Interpretation 1: Instantaneous Rate of Change
Imagine you’re driving a car. Your speedometer shows your instantaneous speed—how fast you’re going right now, not your average speed over the trip.
If your position is p(t) at time t, then:
Average speed over interval [t₁, t₂]: (p(t₂) - p(t₁)) / (t₂ - t₁)
Instantaneous speed at time t: p’(t) = lim[h→0] (p(t+h) - p(t)) / h
The derivative gives you the instantaneous rate of change.
Interpretation 2: Slope of the Tangent Line
Geometrically, the derivative at a point is the slope of the line that just touches the curve at that point.
/
/ ← tangent line (slope = derivative)
•
/|
/ |
/ |
──────────
If the tangent line goes up (positive slope), the function is increasing
If the tangent line goes down (negative slope), the function is decreasing
If the tangent line is flat (zero slope), you’re at a local maximum or minimum
Interpretation 3: Sensitivity (The ML Interpretation)
This is the most useful interpretation for machine learning:
The derivative tells you how sensitive the output is to changes in the input.
If f’(x) = 3, then a small change Δx in the input produces approximately 3Δx change in the output.
This is exactly what gradients tell you during training:
Large gradient → weight has big impact on loss
Small gradient → weight has little impact on loss
Zero gradient → changing this weight doesn’t affect loss (at this point)
The Derivative as a Function
The derivative of f(x) is itself a function, f’(x), that tells you the slope at every point.
Example: f(x) = x²
x |
f(x) = x² |
f’(x) = 2x |
Interpretation |
|---|---|---|---|
-2 |
4 |
-4 |
Steeply decreasing |
-1 |
1 |
-2 |
Decreasing |
0 |
0 |
0 |
Flat (minimum!) |
1 |
1 |
2 |
Increasing |
2 |
4 |
4 |
Steeply increasing |
Notice: the derivative is zero exactly where the function has its minimum. This is the foundation of optimization!

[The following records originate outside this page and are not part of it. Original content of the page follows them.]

lemma tendsto_det_diff_0_of_near:
  fixes F X :: "complex \<Rightarrow> complex^2^2"
  assumes near: "eventually (\<lambda>t. norm (F t - X t) \<le> B * norm t^2) (at 0)"
    and X: "\<And>i j. ((\<lambda>t. t * X t $ i $ j) \<longlongrightarrow> x i j) (at 0)"
  shows "((\<lambda>t. det (F t) - det (X t)) \<longlongrightarrow> 0) (at 0)"
proof -
  note entry = tendsto_mult_diff_0_of_near[OF eventually_nth_nth_near[OF near]
      eventually_nth_nth_near[OF near] X X]
  have "((\<lambda>t. (F t$1$1 * F t$2$2 - X t$1$1 * X t$2$2) - (F t$1$2 * F t$2$1 - X t$1$2 * X t$2$1))
          \<longlongrightarrow> 0 - 0) (at 0)"
    by (intro tendsto_diff entry)
  then show ?thesis by (simp add: det_2 algebra_simps)
qed

lemma tendsto_matrix_mult_diff_0_of_near:
  fixes F X G Z :: "complex \<Rightarrow> complex^2^2"
  assumes F: "eventually (\<lambda>t. norm (F t - X t) \<le> B * norm t^2) (at 0)"
    and G: "eventually (\<lambda>t. norm (G t - Z t) \<le> B' * norm t^2) (at 0)"
    and X: "\<And>i j. ((\<lambda>t. t * X t $ i $ j) \<longlongrightarrow> x i j) (at 0)"
    and Z: "\<And>i j. ((\<lambda>t. t * Z t $ i $ j) \<longlongrightarrow> z i j) (at 0)"
  shows "((\<lambda>t. (G t ** F t) $ i $ j - (Z t ** X t) $ i $ j) \<longlongrightarrow> 0) (at 0)"
proof -
  note entry = tendsto_mult_diff_0_of_near[OF eventually_nth_nth_near[OF G]
      eventually_nth_nth_near[OF F] Z X]
  have "((\<lambda>t. (G t$i$1 * F t$1$j - Z t$i$1 * X t$1$j) + (G t$i$2 * F t$2$j - Z t$i$2 * X t$2$j))
          \<longlongrightarrow> 0 + 0) (at 0)"
    by (intro tendsto_add entry)
  then show ?thesis by (simp add: matrix_mult_2_nth algebra_simps)
qed

section \<open>Matrix expansions at a simple pole\<close>

definition pole_expansion :: "complex^2^2 \<Rightarrow> complex^2^2 \<Rightarrow> complex \<Rightarrow> complex^2^2" where
  "pole_expansion W Y t = cscale (1 / t) W + mat 1 + cscale t Y"

lemma det_pole_expansion:
  fixes W Y :: "complex^2^2"
  assumes "t \<noteq> 0" "trace W = 0"
  shows "det (pole_expansion W Y t)
           = (det W + (1 - trace (W ** Y)) * t^2 + trace Y * t^3 + det Y * t^4) / t^2"
proof -
  have "W$2$2 = - W$1$1" using assms(2) by (simp add: trace_2 add_eq_0_iff)
  then show ?thesis using assms(1)
    by (simp add: pole_expansion_def det_2 trace_2 matrix_mult_2_nth field_simps eval_nat_numeral)
qed

lemma pole_expansion_mult_nth:
  fixes V Z P W Y :: "complex^2^2"
  assumes "t \<noteq> 0"
  shows "(pole_expansion V Z t ** P ** pole_expansion W Y t)$i$j =
    ((V ** P ** W)$i$j + (V ** P + P ** W)$i$j * t + (V ** P ** Y + P + Z ** P ** W)$i$j * t^2
     + (P ** Y + Z ** P)$i$j * t^3 + (Z ** P ** Y)$i$j * t^4) / t^2"
proof -
  have "\<forall>i j. (pole_expansion V Z t ** P ** pole_expansion W Y t)$i$j =
    ((V ** P ** W)$i$j + (V ** P + P ** W)$i$j * t + (V ** P ** Y + P + Z ** P ** W)$i$j * t^2
     + (P ** Y + Z ** P)$i$j * t^3 + (Z ** P ** Y)$i$j * t^4) / t^2"
    using assms
    by (simp add: pole_expansion_def forall_2 matrix_mult_2_nth field_simps eval_nat_numeral)
  then show ?thesis by blast
qed

lemma tendsto_mult_pole_expansion:
  "((\<lambda>t. t * pole_expansion W Y t $ i $ j) \<longlongrightarrow> W $ i $ j) (at 0)"
proof -
  have "((\<lambda>t. W$i$j + t * (mat 1::complex^2^2)$i$j + t * t * Y$i$j) \<longlongrightarrow> W$i$j) (at 0)"
    by (rule tendsto_eq_intros refl | simp)+
  moreover have "eventually (\<lambda>t. W$i$j + t * (mat 1::complex^2^2)$i$j + t * t * Y$i$j
                                  = t * pole_expansion W Y t $ i $ j) (at 0)"
    using eventually_neq_at_within[of 0 0 UNIV]
    by eventually_elim (simp add: pole_expansion_def field_simps)
  ultimately show ?thesis by (rule Lim_transform_eventually)
qed

lemma tendsto_mult_matrix_mult_pole_expansion:
  "((\<lambda>t. t * (C ** pole_expansion W Y t) $ i $ j) \<longlongrightarrow> (C ** W) $ i $ j) (at 0)"
  "((\<lambda>t. t * (pole_expansion W Y t ** C) $ i $ j) \<longlongrightarrow> (W ** C) $ i $ j) (at 0)"
proof -
  have "((\<lambda>t. C$i$1 * (t * pole_expansion W Y t $1$j) + C$i$2 * (t * pole_expansion W Y t $2$j))
          \<longlongrightarrow> C$i$1 * W$1$j + C$i$2 * W$2$j) (at 0)"
    by (intro tendsto_intros tendsto_mult_pole_expansion)
  then show "((\<lambda>t. t * (C ** pole_expansion W Y t) $ i $ j) \<longlongrightarrow> (C ** W) $ i $ j) (at 0)"
    by (simp add: matrix_mult_2_nth algebra_simps)
  have "((\<lambda>t. (t * pole_expansion W Y t $i$1) * C$1$j + (t * pole_expansion W Y t $i$2) * C$2$j)
          \<longlongrightarrow> W$i$1 * C$1$j + W$i$2 * C$2$j) (at 0)"
    by (intro tendsto_intros tendsto_mult_pole_expansion)
  then show "((\<lambda>t. t * (pole_expansion W Y t ** C) $ i $ j) \<longlongrightarrow> (W ** C) $ i $ j) (at 0)"
    by (simp add: matrix_mult_2_nth algebra_simps)
qed

lemma det_expansion_coeff:
  fixes F X :: "complex \<Rightarrow> complex^2^2"
  assumes tr: "trace W = 0" and det_F: "eventually (\<lambda>t. det (F t) = 1) (at 0)"
    and near: "eventually (\<lambda>t. norm (F t - X t) \<le> B * norm t^2) (at 0)"
    and X: "\<And>i j. ((\<lambda>t. t * X t $ i $ j) \<longlongrightarrow> x i j) (at 0)"
    and det_X: "\<And>t. t \<noteq> 0 \<Longrightarrow> det (X t) = c * det (pole_expansion W Y t)"
  shows "c * (1 - trace (W ** Y)) = 1"
proof -
  have "((\<lambda>t. det (F t) - (det (F t) - det (X t))) \<longlongrightarrow> 1 - 0) (at 0)"
    by (intro tendsto_diff tendsto_det_diff_0_of_near[OF near X]
        tendsto_eventually[OF det_F])
  then have "((\<lambda>t. det (X t)) \<longlongrightarrow> 1) (at 0)" by simp
  then have "c * det W = 0 \<and> 0 = (0::complex) \<and> c * (1 - trace (W ** Y)) = 1"
    by (rule laurent_coeffs_of_tendsto[where ?p3.0 = "c * trace Y" and ?p4.0 = "c * det Y"])
      (simp add: det_X det_pole_expansion[OF _ tr] field_simps)
  then show ?thesis by blast
qed

lemma product_expansion_coeffs:
  fixes F G :: "complex \<Rightarrow> complex^2^2"
  assumes inv: "eventually (\<lambda>t. G t ** F t = mat 1) (at 0)"
    and F: "eventually (\<lambda>t. norm (F t - C ** pole_expansion W Y t) \<le> B * norm t^2) (at 0)"
    and G: "eventually (\<lambda>t. norm (G t - pole_expansion V Z t ** C') \<le> B' * norm t^2) (at 0)"
  defines "P \<equiv> C' ** C"
  shows "V ** P + P ** W = 0" and "V ** P ** Y + P + Z ** P ** W = mat 1"
proof -
  have coeffs: "(V ** P ** W)$i$j = 0 \<and> (V ** P + P ** W)$i$j = 0
                \<and> (V ** P ** Y + P + Z ** P ** W)$i$j = mat 1 $ i $ j" for i j
  proof (rule laurent_coeffs_of_tendsto)
    have "((\<lambda>t. (G t ** F t)$i$j) \<longlongrightarrow> mat 1 $ i $ j) (at 0)"
      by (rule tendsto_eventually) (use inv in eventually_elim, simp)
    then have "((\<lambda>t. (G t ** F t)$i$j - ((G t ** F t)$i$j
              - ((pole_expansion V Z t ** C') ** (C ** pole_expansion W Y t))$i$j))
            \<longlongrightarrow> mat 1 $ i $ j - 0) (at 0)"
      by (intro tendsto_diff tendsto_matrix_mult_diff_0_of_near[OF F G
            tendsto_mult_matrix_mult_pole_expansion])
    then show "((\<lambda>t. ((pole_expansion V Z t ** C') ** (C ** pole_expansion W Y t))$i$j)
                  \<longlongrightarrow> mat 1 $ i $ j) (at 0)"
      by simp
  next
    fix t :: complex
    assume "t \<noteq> 0"
    then show "((pole_expansion V Z t ** C') ** (C ** pole_expansion W Y t))$i$j =
      ((V ** P ** W)$i$j + (V ** P + P ** W)$i$j * t + (V ** P ** Y + P + Z ** P ** W)$i$j * t^2
       + (P ** Y + Z ** P)$i$j * t^3 + (Z ** P ** Y)$i$j * t^4) / t^2"
      using pole_expansion_mult_nth[of t V Z P W Y i j] by (simp add: P_def matrix_mul_assoc)
  qed
  show "V ** P + P ** W = 0" "V ** P ** Y + P + Z ** P ** W = mat 1"
    using coeffs by (simp_all add: vec_eq_iff)
qed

Computing Derivatives with PyDelt
When you have data instead of formulas, PyDelt computes derivatives numerically:
import numpy as np
from pydelt.interpolation import SplineInterpolator
# Generate data from f(x) = x²
x = np.linspace(-3, 3, 100)
y = x**2
# Fit and differentiate
interpolator = SplineInterpolator(smoothing=0.01)
interpolator.fit(x, y)
derivative_func = interpolator.differentiate(order=1)
# Evaluate derivative
x_test = np.array([-2, -1, 0, 1, 2])
derivatives = derivative_func(x_test)
print(f"Computed: {derivatives}")
print(f"Exact: {2 * x_test}")
# Output: Computed: [-4. -2. 0. 2. 4.]
# Exact: [-4 -2 0 2 4]
Higher-Order Derivatives
You can differentiate a derivative to get the second derivative, and so on:
f(x): Position
f’(x): Velocity (first derivative)
f’’(x): Acceleration (second derivative)
f’’’(x): Jerk (third derivative)
What Second Derivatives Tell You
The second derivative measures curvature—how the slope itself is changing:
f’’(x) > 0: Curve is concave up (like a smile 😊), slope is increasing
f’’(x) < 0: Curve is concave down (like a frown 😞), slope is decreasing
f’’(x) = 0: Inflection point (curvature changes sign)
ML Connection: The Hessian
In optimization, the second derivative (or its multidimensional analog, the Hessian) tells you about the curvature of your loss landscape:
Positive curvature: You’re in a valley (good for optimization)
Negative curvature: You’re on a ridge (saddle point or maximum)
Mixed curvature: Saddle point (common in high dimensions)
# Second derivative with PyDelt
second_derivative_func = interpolator.differentiate(order=2)
curvature = second_derivative_func(x_test)
print(f"Curvature at all points: {curvature}")
# For f(x) = x², f''(x) = 2 everywhere
Notation: A Quick Guide
Different fields use different notation for derivatives:
Notation |
Read as |
Common in |
|---|---|---|
f’(x) |
“f prime of x” |
Mathematics |
df/dx |
“d f d x” |
Physics, engineering |
∂f/∂x |
“partial f partial x” |
Multivariate calculus |
∇f |
“gradient of f” |
Machine learning |
Df |
“D f” |
Functional analysis |
They all mean the same thing: the derivative of f with respect to x.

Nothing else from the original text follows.